This is very simple, yet unbreakable logic.  The conclusion reached depends 100% upon the predication of the primary assumption: taxation = theft.  If taxation == theft, assuming the trivial cases that theft == crime and crime == intolerable (a no brainer?), then all taxation is intolerable as unforgivable sin against the Individuals.

To my eyes it is a staggering condemnation of the predilections of some men that in the face of so perfectly simple a syllogism they still arrive at the same wrong conclusions by way of either ignoring the brute force of the logic altogether, or through the attempt at mitigating the semantics of the conclusions to which it so forcefully points with glaring clarity by playing the "necessity" card (how will the roads be built, etc.)  Far worse still, is the fact that the rest tolerate this in any measure whatsoever.  The pox is less upon Themme than upon us, for we have the numbers by which to sweep Themme and their progeny into the void.  Yet, we lie back as pestilent whores, tolerating the bad breath, greasy skin, and flakey scalps of the ones who buy us with their bribes such that we inevitably become familiar and thereby comfortable with the waves of disgust that rise up in response to our betrayal of ourselves and thereby of the sacred gift of freedom bestowed upon us by God Himself.  We mock God and the goodness and propriety for which that concept stands.  We soil it with our corruption; the filth of our moral lassitude; our lust for that which is easy over that which is right.




> Do you understand that for gays marriage will likely cause their income tax bills to *increase*?  No you must not.

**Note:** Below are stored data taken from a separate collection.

theorem theorem6p6:
  fixes d :: "nat \<Rightarrow> int"
  assumes hd: "padic2 d"
    and h4: "d 2 = 0"
    and hsq: "\<not> (\<exists>y. padic2 y \<and> z2_mult y y = d)"
  shows "fmap d ` ball2 1 1 \<subseteq> ball2 0 1
    \<and> (\<exists>\<E>. finite \<E> \<and> (\<forall>E\<in>\<E>. minimal_component d E) \<and> pairwise disjnt \<E> \<and> \<Union>\<E> = ball2 0 1)
    \<and> (v2 d = 2 \<and> v2 (z2_sub d (z2_of_int 4)) = 3 \<longrightarrow>
         minimal_component d (ball2 0 2) \<and> minimal_component d (ball2 2 3)
       \<and> minimal_component d (ball2 6 3)
       \<and> pairwise disjnt {ball2 0 2, ball2 2 3, ball2 6 3}
       \<and> ball2 0 1 = ball2 0 2 \<union> ball2 2 3 \<union> ball2 6 3)
    \<and> (v2 d = 2 \<and> v2 (z2_sub d (z2_of_int 4)) = 4 \<longrightarrow>
         minimal_component d (ball2 0 2) \<and> minimal_component d (ball2 2 4)
       \<and> minimal_component d (ball2 6 4) \<and> minimal_component d (ball2 10 4)
       \<and> minimal_component d (ball2 14 4)
       \<and> pairwise disjnt {ball2 0 2, ball2 2 4, ball2 6 4, ball2 10 4, ball2 14 4}
       \<and> ball2 0 1 = ball2 0 2 \<union> ball2 2 4 \<union> ball2 6 4 \<union> ball2 10 4 \<union> ball2 14 4)
    \<and> (let n0 = v2 d div 2 + 1 in
        v2 d \<ge> 3 \<and> odd (v2 d) \<longrightarrow>
          ball2 0 1 = (\<Union>n\<in>{2..n0}. ball2 (2 ^ (n - 1)) n) \<union> ball2 0 n0
        \<and> (\<forall>n\<in>{2..n0}. \<forall>m\<in>{2..n0}. n \<noteq> m \<longrightarrow> disjnt (ball2 (2 ^ (n - 1)) n) (ball2 (2 ^ (m - 1)) m))
        \<and> (\<forall>n\<in>{2..n0}. disjnt (ball2 (2 ^ (n - 1)) n) (ball2 0 n0))
        \<and> (\<forall>n\<in>{2..n0}. typeI d (2 ^ (n - 1)) n (n - 2))
        \<and> typeI d 0 n0 (n0 - 1))
    \<and> (let n0 = v2 d div 2 + 1 in
        v2 d \<ge> 3 \<and> even (v2 d) \<longrightarrow>
          ball2 0 1 = (\<Union>n\<in>{2..n0 - 1}. ball2 (2 ^ (n - 1)) n) \<union> ball2 0 n0 \<union> ball2 (2 ^ (n0 - 1)) n0
        \<and> (\<forall>n\<in>{2..n0 - 1}. \<forall>m\<in>{2..n0 - 1}. n \<noteq> m \<longrightarrow> disjnt (ball2 (2 ^ (n - 1)) n) (ball2 (2 ^ (m - 1)) m))
        \<and> (\<forall>n\<in>{2..n0 - 1}. disjnt (ball2 (2 ^ (n - 1)) n) (ball2 0 n0)
                          \<and> disjnt (ball2 (2 ^ (n - 1)) n) (ball2 (2 ^ (n0 - 1)) n0))
        \<and> disjnt (ball2 0 n0) (ball2 (2 ^ (n0 - 1)) n0)
        \<and> (\<forall>n\<in>{2..n0 - 1}. typeI d (2 ^ (n - 1)) n (n - 2))
        \<and> typeI d 0 n0 (n0 - 2)
        \<and> typeI d (2 ^ (n0 - 1)) n0 (v2 (z2_sub d (z2_of_int (2 ^ v2 d))) - n0))"
proof -
  interpret nonsquare_multiple_of_4 d using assms by unfold_locales
  show ?thesis
    unfolding Let_def
    using fmap_odd_ball[OF hd d_1] minimal_partition case_v_2_w_3 case_v_2_w_4
      case_v_odd[OF refl] case_v_even[OF refl]
    by blast
qed

end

I have had literally hundreds of ***** acquaintances and several close friends.  While generally very intelligent people, politically speaking they are stoopid beyond all hope of salvation.  This is because for the most part they are weak.  They are literally ****, and I am serious when I say that it pains me to say it because they are not evil folk.  They are, however, hopelessly wed to their fear and the refusal to face certain facts of life.  This damns them to eternal conjugation with notions so patently and impossibly absurd that there is literally no hope to bring them around under the current environmental circumstances.  The ONLY thing that will bring some of them around, to my mind, is a reset event of sufficient enormity and threat to their immediate survival that the choice to change and live or remain inert and die pretty much on the spot faces them.  A meteor strike; a super volcanic eruption; massive earthquake; sufficient collapse of the national economy - these are the sorts of events to which I refer.  If the small ocean of ***** in Greenwich Village find themselves in the midst of, say, food riots when the grocery shelves go bare, they will no longer enjoy the luxuries of environmental support for their endlessly stupid political postures.  They will be faced with the choice to wise up NOW or die in the coming minutes.  I suspect many will be unwilling or otherwise unable to make the transition into the real world.  So be it.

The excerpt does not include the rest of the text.